# Adjusting Juicy 5 disc brakes.



## B-B-BikeyStrike! (13 May 2009)

Hi,

I've got a Cannondale BadBoy. It has Avid Juicy 5 disc brakes.But i dont know anything how to adjust them.

I've taken the front wheel off, and now i cant put it back on again! The disc wont go into the caliper! Is there not some kind of release mechinism for the calipers? How would i go about changing the pads?

thanks


----------



## Steve Austin (13 May 2009)

did you squeeze the brake lever when the wheel was out? ....

You need to put something in between the pads and wiggle it gently until there is enough space to get the disc back in.

Changing the pads is a pig tbh. Search on youtube as there is a video of how to. only thing i will say is, make sure you get the pistons as far back into the caliper as it is impossible to get new pads in if the pistons are not suished in as far as they can go.


----------



## Mr Pig (13 May 2009)

The gap between the pads for the disk to fit into is quite tight, you often have to wiggle the disk a bit to get it in. If you've pulled the brake lever whilst the wheel was off the pads will have moved closer together, stopping the disk fitting between them. Stick a screwdriver or something between them and push them back out. 
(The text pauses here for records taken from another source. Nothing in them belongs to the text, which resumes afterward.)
(* Let $d\ge 1$ and let $\Sigma: M_d(\mathbb{C})\to M_d(\mathbb{C})$ be a general dynamical map, i.e. a linear map that is trace preserving and hermiticity preserving ($\Sigma(\rho^\dagger)=\Sigma(\rho)^\dagger$ for all $\rho$), but not necessarily positivity preserving. Then $\Sigma$ can be written as the weighted difference of two completely positive trace-preserving (CPTP) maps: there exist a real number $p>0$ and CPTP maps $\Lambda^*_+,\Lambda^*_-$ on $M_d(\mathbb{C})$ such that $$\Sigma=(1+p)\,\Lambda^*_+-p\,\Lambda^*_-.$$ Explicitly: there exist finite families of matrices $\{K_j\}_j,\{M_j\}_j\subset M_d(\mathbb{C})$ with $\Sigma(\rho)=\sum_j K_j\rho K_j^\dagger-\sum_j M_j\rho M_j^\dagger$ for all $\rho$, and for any such families and any $p>0$ with $\sum_j M_j^\dagger M_j\le p\,\mathbb{I}$, setting $D=\sqrt{p\,\mathbb{I}-\sum_j M_j^\dagger M_j}$ (positive semidefinite square root) and $$\Lambda^*_+(\rho)=\frac{\sum_j K_j\rho K_j^\dagger+D\rho D^\dagger}{1+p},\qquad \Lambda^*_-(\rho)=\frac{\sum_j M_j\rho M_j^\dagger+D\rho D^\dagger}{p},$$ the maps $\Lambda^*_\pm$ are completely positive and trace preserving and $\Sigma=(1+p)\Lambda^*_+-p\Lambda^*_-$.
   Context: $M_d(\mathbb{C})$ denotes the complex $d\times d$ matrices, $\mathbb{I}$ the identity matrix, and $A\le B$ means $B-A$ is positive semidefinite. A linear map $\Lambda$ on $M_d(\mathbb{C})$ is completely positive (CP) iff it has a Kraus form $\Lambda(\rho)=\sum_j K_j\rho K_j^\dagger$; it is trace preserving iff $\mathrm{tr}\,\Lambda(\rho)=\mathrm{tr}\,\rho$ for all $\rho$. *)

theory Defs
  imports "HOL-Analysis.Analysis"
begin

text \<open>Complex d x d matrices are modelled as complex^'d^'d for a finite type 'd
  (so d = CARD('d) >= 1 is arbitrary but fixed).\<close>

type_synonym 'd cmat = "complex^'d^'d"

definition cscale :: "complex \<Rightarrow> 'd::finite cmat \<Rightarrow> 'd::finite cmat" where
  "cscale c A = (\<chi> i j. c * A$i$j)"

definition adj :: "'d::finite cmat \<Rightarrow> 'd::finite cmat" where
  "adj A = (\<chi> i j. cnj (A$j$i))"

definition cmat_linear :: "('d::finite cmat \<Rightarrow> 'd::finite cmat) \<Rightarrow> bool" where
  "cmat_linear f \<longleftrightarrow> (\<forall>A B. f (A + B) = f A + f B) \<and> (\<forall>c A. f (cscale c A) = cscale c (f A))"

definition trace_preserving :: "('d::finite cmat \<Rightarrow> 'd::finite cmat) \<Rightarrow> bool" where
  "trace_preserving f \<longleftrightarrow> (\<forall>\<rho>. trace (f \<rho>) = trace \<rho>)"

definition hermiticity_preserving :: "('d::finite cmat \<Rightarrow> 'd::finite cmat) \<Rightarrow> bool" where
  "hermiticity_preserving f \<longleftrightarrow> (\<forall>\<rho>. f (adj \<rho>) = adj (f \<rho>))"

definition kraus :: "'d::finite cmat list \<Rightarrow> 'd::finite cmat \<Rightarrow> 'd::finite cmat" where
  "kraus Ks \<rho> = sum_list (map (\<lambda>K. K ** \<rho> ** adj K) Ks)"

definition completely_positive :: "('d::finite cmat \<Rightarrow> 'd::finite cmat) \<Rightarrow> bool" where
  "completely_positive f \<longleftrightarrow> (\<exists>Ks. \<forall>\<rho>. f \<rho> = kraus Ks \<rho>)"

definition CPTP :: "('d::finite cmat \<Rightarrow> 'd::finite cmat) \<Rightarrow> bool" where
  "CPTP f \<longleftrightarrow> completely_positive f \<and> trace_preserving f"

definition psd :: "'d::finite cmat \<Rightarrow> bool" where
  "psd A \<longleftrightarrow> (\<forall>x::complex^'d. let q = (\<Sum>i\<in>UNIV. cnj (x$i) * (A *v x)$i) in Im q = 0 \<and> Re q \<ge> 0)"

definition loewner_le :: "'d::finite cmat \<Rightarrow> 'd::finite cmat \<Rightarrow> bool" where
  "loewner_le A B \<longleftrightarrow> psd (B - A)"

definition psd_sqrt :: "'d::finite cmat \<Rightarrow> 'd::finite cmat" where
  "psd_sqrt A = (THE D. psd D \<and> D ** D = A)"

end

theory Submission
  imports Defs
begin

text \<open>
  In the basis of matrix units, a linear map on \<open>M\<^sub>d(\<complex>)\<close> reads
  \<open>\<Sigma>(\<rho>) = \<Sum> c\<^sub>i\<^sub>j\<^sub>k\<^sub>l E\<^sub>i\<^sub>j \<rho> E\<^sub>k\<^sub>l\<^sup>\<dagger>\<close>. If \<open>\<Sigma>\<close> preserves hermiticity, then
  \<open>2\<Sigma>(\<rho>) = \<Sigma>(\<rho>) + \<Sigma>(\<rho>\<^sup>\<dagger>)\<^sup>\<dagger>\<close> is a sum of terms \<open>c B\<rho>A\<^sup>\<dagger> + c\<^sup>* A\<rho>B\<^sup>\<dagger>\<close>, each of which is a
  difference of Kraus terms by polarisation; so \<open>\<Sigma> = K - M\<close> for two Kraus maps.
  For any such decomposition, trace preservation forces \<open>\<Sum> K\<^sub>j\<^sup>\<dagger>K\<^sub>j = I + \<Sum> M\<^sub>j\<^sup>\<dagger>M\<^sub>j\<close>.
  Adjoining the Kraus operator \<open>D = (p I - \<Sum> M\<^sub>j\<^sup>\<dagger>M\<^sub>j)\<^sup>1\<^sup>/\<^sup>2\<close> to both families makes
  these sums \<open>(1 + p) I\<close> and \<open>p I\<close>, so after normalisation both maps are CPTP, and \<open>D\<close>
  cancels in the difference.

  The square root is built from the spectral theorem for self-adjoint operators on the
  real inner product space underlying \<open>\<complex>\<^sup>d\<close>; it is complex linear because conjugating it
  by multiplication with \<open>\<i>\<close> yields another positive square root, and positive square
  roots are unique.
\<close>

section \<open>Square roots of positive operators\<close>

definition self_adjoint :: "('a::real_inner \<Rightarrow> 'a) \<Rightarrow> bool" where
  "self_adjoint f \<longleftrightarrow> linear f \<and> (\<forall>x y. inner (f x) y = inner x (f y))"

definition positive_operator :: "('a::real_inner \<Rightarrow> 'a) \<Rightarrow> bool" where
  "positive_operator f \<longleftrightarrow> self_adjoint f \<and> (\<forall>x. 0 \<le> inner x (f x))"

lemma quadratic_nonneg_imp_linear_coeff_zero:
  fixes a c :: real
  assumes nonneg: "\<And>t. 0 \<le> 2 * t * a + t * t * c"
  shows "a = 0"
proof (rule ccontr)
  assume "a \<noteq> 0"
  define e where "e = \<bar>c\<bar> + 1"
  have "e > 0" by (simp add: e_def add_nonneg_pos)
  have "2 * (- a / e) * a + (- a / e) * (- a / e) * c = (a * a) * (c - 2 * e) / (e * e)"
    using \<open>e > 0\<close> by (simp add: field_simps)
  also have "\<dots> < 0"
    using \<open>a \<noteq> 0\<close> \<open>e > 0\<close> by (intro divide_neg_pos mult_pos_neg) (auto simp: e_def zero_less_mult_iff)
  finally show False using nonneg[of "- a / e"] by linarith
qed

lemma self_adjoint_nonneg_form_zero_imp_zero:
  assumes "self_adjoint g" "subspace S" "g ` S \<subseteq> S" "\<forall>x\<in>S. 0 \<le> inner x (g x)"
    and "v \<in> S" "inner v (g v) = 0"
  shows "g v = 0"
proof -
  have lin: "linear g" and sym: "\<And>x y. inner (g x) y = inner x (g y)"
    using assms(1) by (auto simp: self_adjoint_def)
  define w where "w = g v"
  have "w \<in> S" using assms(3,5) w_def by auto
  have "0 \<le> 2 * t * inner w w + t * t * inner w (g w)" for t
  proof -
    have "v + t *\<^sub>R w \<in> S" using assms(2,5) \<open>w \<in> S\<close> by (simp add: subspace_add subspace_scale)
    then have "0 \<le> inner (v + t *\<^sub>R w) (g (v + t *\<^sub>R w))" using assms(4) by auto
    also have "\<dots> = inner v (g v) + t * inner v (g w) + t * inner w (g v) + t * t * inner w (g w)"
      by (simp add: linear_add[OF lin] linear_cmul[OF lin] inner_add_left inner_add_right algebra_simps)
    also have "inner v (g w) = inner w (g v)" by (metis sym inner_commute)
    finally show ?thesis using assms(6) by (simp add: w_def algebra_simps)
  qed
  then have "inner w w = 0" by (rule quadratic_nonneg_imp_linear_coeff_zero)
  then show ?thesis by (simp add: w_def)
qed

lemma quadratic_form_attains_max_on_unit_sphere:
  fixes f :: "'a::euclidean_space \<Rightarrow> 'a"
  assumes "linear f" "subspace S" "S \<noteq> {0}"
  shows "\<exists>v\<in>S. norm v = 1 \<and> (\<forall>y\<in>S. norm y = 1 \<longrightarrow> inner y (f y) \<le> inner v (f v))"
proof -
  define K where "K = S \<inter> sphere 0 1"
  have "compact K" unfolding K_def using closed_subspace[OF assms(2)] by (simp add: closed_Int_compact)
  moreover obtain x where "x \<in> S" "x \<noteq> 0" using assms(2,3) subspace_0 by blast
  then have "inverse (norm x) *\<^sub>R x \<in> K" using assms(2) by (simp add: K_def subspace_scale)
  then have "K \<noteq> {}" by blast
  moreover have "continuous_on K f"
    using assms(1) linear_conv_bounded_linear linear_continuous_on by blast
  then have "continuous_on K (\<lambda>x. inner x (f x))" by (intro continuous_intros)
  ultimately obtain v where "v \<in> K" "\<And>y. y \<in> K \<Longrightarrow> inner y (f y) \<le> inner v (f v)"
    using continuous_attains_sup[of K "\<lambda>x. inner x (f x)"] by auto
  then show ?thesis by (auto simp: K_def)
qed

lemma self_adjoint_eigenvector_in_subspace:
  fixes f :: "'a::euclidean_space \<Rightarrow> 'a"
  assumes "self_adjoint f" "subspace S" "f ` S \<subseteq> S" "S \<noteq> {0}"
  shows "\<exists>v\<in>S. norm v = 1 \<and> (\<exists>\<mu>. f v = \<mu> *\<^sub>R v)"
proof -
  have lin: "linear f" and sym: "\<And>x y. inner (f x) y = inner x (f y)"
    using assms(1) by (auto simp: self_adjoint_def)
  obtain v where "v \<in> S" "norm v = 1"
    and v_max: "\<And>y. y \<in> S \<Longrightarrow> norm y = 1 \<Longrightarrow> inner y (f y) \<le> inner v (f v)"
    using quadratic_form_attains_max_on_unit_sphere[OF lin assms(2,4)] by blast
  define l where "l = inner v (f v)"
  define g where "g = (\<lambda>x. l *\<^sub>R x - f x)"
  \<comment> \<open>\<open>l\<close> is the maximum of the Rayleigh quotient, so \<open>l - f\<close> is nonnegative on \<open>S\<close> and vanishes at \<open>v\<close>.\<close>
  have "linear g"
    by (rule linearI) (simp_all add: g_def linear_add[OF lin] linear_cmul[OF lin] algebra_simps)
  then have "self_adjoint g"
    using sym by (simp add: self_adjoint_def g_def inner_diff_left inner_diff_right)
  moreover have "g ` S \<subseteq> S"
    using assms(2,3) unfolding g_def using subspace_diff subspace_scale by blast
  moreover have "0 \<le> inner x (g x)" if "x \<in> S" for x
  proof (cases "x = 0")
    case True
    then show ?thesis by (simp add: g_def linear_0[OF lin])
  next
    case False
    define u where "u = inverse (norm x) *\<^sub>R x"
    have le: "inner u (f u) \<le> l" and unit: "inner u u = 1"
      using v_max[of u] that False assms(2) by (auto simp: u_def l_def subspace_scale dot_square_norm)
    have x_eq: "x = norm x *\<^sub>R u" using False by (simp add: u_def)
    have "inner x (g x) = (norm x)\<^sup>2 * (l * inner u u - inner u (f u))"
      by (subst (1 2) x_eq)
        (simp add: g_def linear_cmul[OF lin] inner_diff_right power2_eq_square algebra_simps)
    then show ?thesis using le unit by simp
  qed
  moreover have "inner v (g v) = 0"
    using \<open>norm v = 1\<close> by (simp add: g_def l_def inner_diff_right dot_square_norm)
  ultimately have "g v = 0"
    using self_adjoint_nonneg_form_zero_imp_zero assms(2) \<open>v \<in> S\<close> by blast
  then have "f v = l *\<^sub>R v" by (simp add: g_def)
  then show ?thesis using \<open>v \<in> S\<close> \<open>norm v = 1\<close> by blast
qed

definition orthonormal_eigenbasis :: "('a::real_inner \<Rightarrow> 'a) \<Rightarrow> 'a set \<Rightarrow> 'a set \<Rightarrow> bool" where
  "orthonormal_eigenbasis f S B \<longleftrightarrow> finite B \<and> B \<subseteq> S
     \<and> (\<forall>b\<in>B. norm b = 1 \<and> (\<exists>\<mu>. f b = \<mu> *\<^sub>R b))
     \<and> (\<forall>b\<in>B. \<forall>c\<in>B. b \<noteq> c \<longrightarrow> inner b c = 0)
     \<and> (\<forall>x\<in>S. (\<Sum>b\<in>B. inner b x *\<^sub>R b) = x)"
If the lever has been pulled whilst the wheel is off it's possible that the pistons might have come right out of the callipers. Bigger problem. In future take care not to pull the lever or fit spacers between the pads to keep them apart. Spacers should have been supplied with the bike/brakes.

Changing the pads should be simple. There will be some kind of pin, clip or screw holding them in. Push the pistons back in, take the pads out and put new ones in. That'll be about it.


----------



## Mr Pig (13 May 2009)

Steve Austin said:


> Changing the pads is a pig tbh.



He'll know more that I do about these brakes so sorry, it'll be a pig ;0)


----------



## globalfish (14 May 2009)

They are an absolute doddle to change - squeeze 'em together pull 'em out. Stick the spreader in between the new ones & pop back in. Click, job done. How hard is that? I've two sets of J3's and J7's and nothing could be easier. Gee, If you really think that's difficult you need a bike mechanic


----------



## B-B-BikeyStrike! (31 May 2009)

A very belated thanks - I seem to have a loose front hub now. So i'll heed your advice


----------



## B-B-BikeyStrike! (31 May 2009)

that was easy - i must have squeezed the brakes whilst the wheel was out the first time I did it.

And my hub wasnt loose. It was the wheel itself. Thank god for safety tabs.


----------